Re: [PATCH v2] of: overlay: log the error cause on resolver failure

From: Frank Rowand
Date: Tue Feb 25 2020 - 22:53:50 EST


On 2/25/20 10:45 AM, Luca Ceresoli wrote:
> For some of its error paths, of_resolve_phandles() only logs a very generic
> error which does not help much in finding the origin of the problem:
>
> OF: resolver: overlay phandle fixup failed: -22
>
> Add error messages for all the error paths that don't have one.

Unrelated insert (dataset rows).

(* For every ring grooming instance with uniform traffic ($d_{jk}=d\ge 1$ for all $j\ne k$), Algorithm A produces a feasible routing whose number of ADMs is at most $12\sqrt2\, m$, where $m$ is the minimum number of ADMs for the instance.
   Context: Ring grooming. An instance consists of integers $n\ge 2$ (ring size) and $c\ge 1$ (capacity), and a finite list $L$ of unordered pairs $\{j,k\}$ with $j\ne k$, $j,k\in\{1,\dots,n\}$ (repetitions allowed); these are the traffic demands. Let $d_{jk}=d_{kj}$ be the number of times $\{j,k\}$ occurs in $L$. Let $C_n$ be the cycle graph on vertices $1,\dots,n$ in cyclic order. A solution uses some finite number of "rings", each a copy of $C_n$ with capacity $c$ on every edge. A routing specifies, for every ring $i$ and every pair $j<k$, nonnegative integers $t^0_{ijk},t^1_{ijk}$ (amounts of $\{j,k\}$-traffic on ring $i$ along each of the two arcs of $C_n$ between $j$ and $k$); it is feasible if $\sum_i(t^0_{ijk}+t^1_{ijk})=d_{jk}$ for all $j<k$ and on every ring every edge carries total traffic at most $c$. Ring $i$ needs an ADM at vertex $j$ iff some traffic with endpoint $j$ is routed on ring $i$; the cost is the total number of ADMs, and $m$ is the minimum cost. Algorithm A (uniform traffic $d$, $f=d/(2c)$). If $f\ge 1$: for each pair $j<k$, use $\lceil f\rceil$ rings on which only $\{j,k\}$-traffic is routed (so each has ADMs only at $j$ and $k$), splitting the $d$ units among them feasibly. If $f<1$: let $M=\lfloor\sqrt{2/f}\rfloor$ if $2\le\lfloor\sqrt{2/f}\rfloor\le n$, $M=2$ if $\lfloor\sqrt{2/f}\rfloor<2$, and $M=n$ if $\lfloor\sqrt{2/f}\rfloor>n$. Let $\mu=\lfloor M/2\rfloor$ and let $F$ be a family of $\lceil n/\mu\rceil$ subsets of $\{1,\dots,n\}$, each of size $\mu$, whose union is $\{1,\dots,n\}$. For each unordered pair of distinct members of $F$, form a block equal to their union, enlarged if necessary by arbitrary further vertices to have exactly $M$ elements (if $F$ has a single member, take the single block $\{1,\dots,n\}$); discard duplicate blocks. Every pair $\{j,k\}$ then lies in some block. Process the blocks in turn: for each block, create a ring and route on it all demands between vertices of the block that have not been routed on a previous ring, using, for each such pair, $\lfloor d/2\rfloor$ units on the longer arc and $\lceil d/2\rceil$ units on the shorter arc (ties broken arbitrarily). Finally discard ADMs at which no traffic terminates. *)

theory Defs
  imports Complex_Main
begin

(* Vertices of C_n are 1..n.  Edge e (1 <= e <= n) joins e and e+1, edge n joins n and 1.
   For a pair j < k, arc "False" (t^0) is the arc j, j+1, ..., k, i.e. edges {j..<k};
   arc "True" (t^1) is the complementary arc, i.e. edges {1..n} - {j..<k}.
   A routing with R rings is t :: ring => j => k => arc => amount, meaningful for
   rings i < R and pairs 1 <= j < k <= n.  Demands are given by D j k (j < k). *)

definition pairs :: "nat \<Rightarrow> (nat \<times> nat) set" where
  "pairs n = {(j, k). 1 \<le> j \<and> j < k \<and> k \<le> n}"

definition arc_edges :: "nat \<Rightarrow> nat \<Rightarrow> nat \<Rightarrow> bool \<Rightarrow> nat set" where
  "arc_edges n j k b = (if b then {1..n} - {j..<k} else {j..<k})"

definition load :: "nat \<Rightarrow> (nat \<Rightarrow> nat \<Rightarrow> nat \<Rightarrow> bool \<Rightarrow> nat) \<Rightarrow> nat \<Rightarrow> nat \<Rightarrow> nat" where
  "load n t i e =
     (\<Sum>(j, k)\<in>pairs n. (if e \<in> arc_edges n j k False then t i j k False else 0)
                       + (if e \<in> arc_edges n j k True then t i j k True else 0))"

definition feasible :: "nat \<Rightarrow> nat \<Rightarrow> (nat \<Rightarrow> nat \<Rightarrow> nat) \<Rightarrow> nat
    \<Rightarrow> (nat \<Rightarrow> nat \<Rightarrow> nat \<Rightarrow> bool \<Rightarrow> nat) \<Rightarrow> bool" where
  "feasible n c D R t \<longleftrightarrow>
     (\<forall>(j, k)\<in>pairs n. (\<Sum>i<R. t i j k False + t i j k True) = D j k) \<and>
     (\<forall>i<R. \<forall>e\<in>{1..n}. load n t i e \<le> c)"

definition has_adm :: "nat \<Rightarrow> (nat \<Rightarrow> nat \<Rightarrow> nat \<Rightarrow> bool \<Rightarrow> nat) \<Rightarrow> nat \<Rightarrow> nat \<Rightarrow> bool" where
  "has_adm n t i j \<longleftrightarrow>
     (\<exists>k\<in>{1..n}. k \<noteq> j \<and> t i (min j k) (max j k) False + t i (min j k) (max j k) True > 0)"

definition cost :: "nat \<Rightarrow> nat \<Rightarrow> (nat \<Rightarrow> nat \<Rightarrow> nat \<Rightarrow> bool \<Rightarrow> nat) \<Rightarrow> nat" where
  "cost n R t = (\<Sum>i<R. card {j\<in>{1..n}. has_adm n t i j})"

definition min_cost :: "nat \<Rightarrow> nat \<Rightarrow> (nat \<Rightarrow> nat \<Rightarrow> nat) \<Rightarrow> nat" where
  "min_cost n c D = (LEAST x. \<exists>R t. feasible n c D R t \<and> cost n R t = x)"

definition fval :: "nat \<Rightarrow> nat \<Rightarrow> real" where
  "fval c d = real d / (2 * real c)"

definition blocksize :: "nat \<Rightarrow> nat \<Rightarrow> nat \<Rightarrow> nat" where
  "blocksize n c d =
     (let s = nat \<lfloor>sqrt (2 / fval c d)\<rfloor> in
      if s < 2 then 2 else if s > n then n else s)"

definition algA_large :: "nat \<Rightarrow> nat \<Rightarrow> nat \<Rightarrow> nat
    \<Rightarrow> (nat \<Rightarrow> nat \<Rightarrow> nat \<Rightarrow> bool \<Rightarrow> nat) \<Rightarrow> bool" where
  "algA_large n c d R t \<longleftrightarrow>
     (\<exists>g :: nat \<Rightarrow> nat \<times> nat.
        (\<forall>i<R. g i \<in> pairs n) \<and>
        (\<forall>p\<in>pairs n. card {i. i < R \<and> g i = p} = nat \<lceil>fval c d\<rceil>) \<and>
        (\<forall>i<R. \<forall>p\<in>pairs n. p \<noteq> g i \<longrightarrow>
            t i (fst p) (snd p) False = 0 \<and> t i (fst p) (snd p) True = 0) \<and>
        feasible n c (\<lambda>_ _. d) R t)"

(* amounts a (arc False, length k-j) and b (arc True, length n-(k-j)):
   floor(d/2) on the longer arc, ceil(d/2) on the shorter arc, ties arbitrary *)
definition split_ok :: "nat \<Rightarrow> nat \<Rightarrow> nat \<Rightarrow> nat \<Rightarrow> nat \<Rightarrow> nat \<Rightarrow> bool" where
  "split_ok n d j k a b \<longleftrightarrow>
     (k - j < n - (k - j) \<longrightarrow> a = (d + 1) div 2 \<and> b = d div 2) \<and>
     (k - j > n - (k - j) \<longrightarrow> a = d div 2 \<and> b = (d + 1) div 2) \<and>
     (k - j = n - (k - j) \<longrightarrow>
        (a = (d + 1) div 2 \<and> b = d div 2) \<or> (a = d div 2 \<and> b = (d + 1) div 2))"

definition algA_small :: "nat \<Rightarrow> nat \<Rightarrow> nat \<Rightarrow> nat
    \<Rightarrow> (nat \<Rightarrow> nat \<Rightarrow> nat \<Rightarrow> bool \<Rightarrow> nat) \<Rightarrow> bool" where
  "algA_small n c d R t \<longleftrightarrow>
     (let M = blocksize n c d; \<mu> = M div 2 in
      \<exists>(F :: nat set set) (blk :: nat set set \<Rightarrow> nat set) (bs :: nat set list).
        (\<forall>A\<in>F. A \<subseteq> {1..n} \<and> card A = \<mu>) \<and>
        finite F \<and> card F = nat \<lceil>real n / real \<mu>\<rceil> \<and>
        \<Union>F = {1..n} \<and>
        (\<forall>A\<in>F. \<forall>B\<in>F. A \<noteq> B \<longrightarrow>
            A \<union> B \<subseteq> blk {A, B} \<and> blk {A, B} \<subseteq> {1..n} \<and> card (blk {A, B}) = M) \<and>
        distinct bs \<and>
        set bs = (if card F = 1 then {{1..n}}
                  else {blk {A, B} | A B. A \<in> F \<and> B \<in> F \<and> A \<noteq> B}) \<and>
        R = length bs \<and>
        (\<forall>i<R. \<forall>(j, k)\<in>pairs n.
            (if j \<in> bs ! i \<and> k \<in> bs ! i \<and> \<not> (\<exists>i'<i. j \<in> bs ! i' \<and> k \<in> bs ! i')
             then split_ok n d j k (t i j k False) (t i j k True)
             else t i j k False = 0 \<and> t i j k True = 0)))"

Now a
> specific message is always emitted, thus also remove the generic catch-all
> message emitted before returning.
>
> For example, in case a DT overlay has a fixup node that is not present in
> the base DT __symbols__, this error is now logged:
>
> OF: resolver: node gpio9 not found in base DT, fixup failed
>
> Signed-off-by: Luca Ceresoli <luca@xxxxxxxxxxxxxxxx>
> Cc: Geert Uytterhoeven <geert@xxxxxxxxxxxxxx>
> ---
>
> I don't know in detail the meaning of the adjust_local_phandle_references()
> and update_usages_of_a_phandle_reference() error paths, thus I have put
> pretty generic messages. Any suggestion on better wording would be welcome.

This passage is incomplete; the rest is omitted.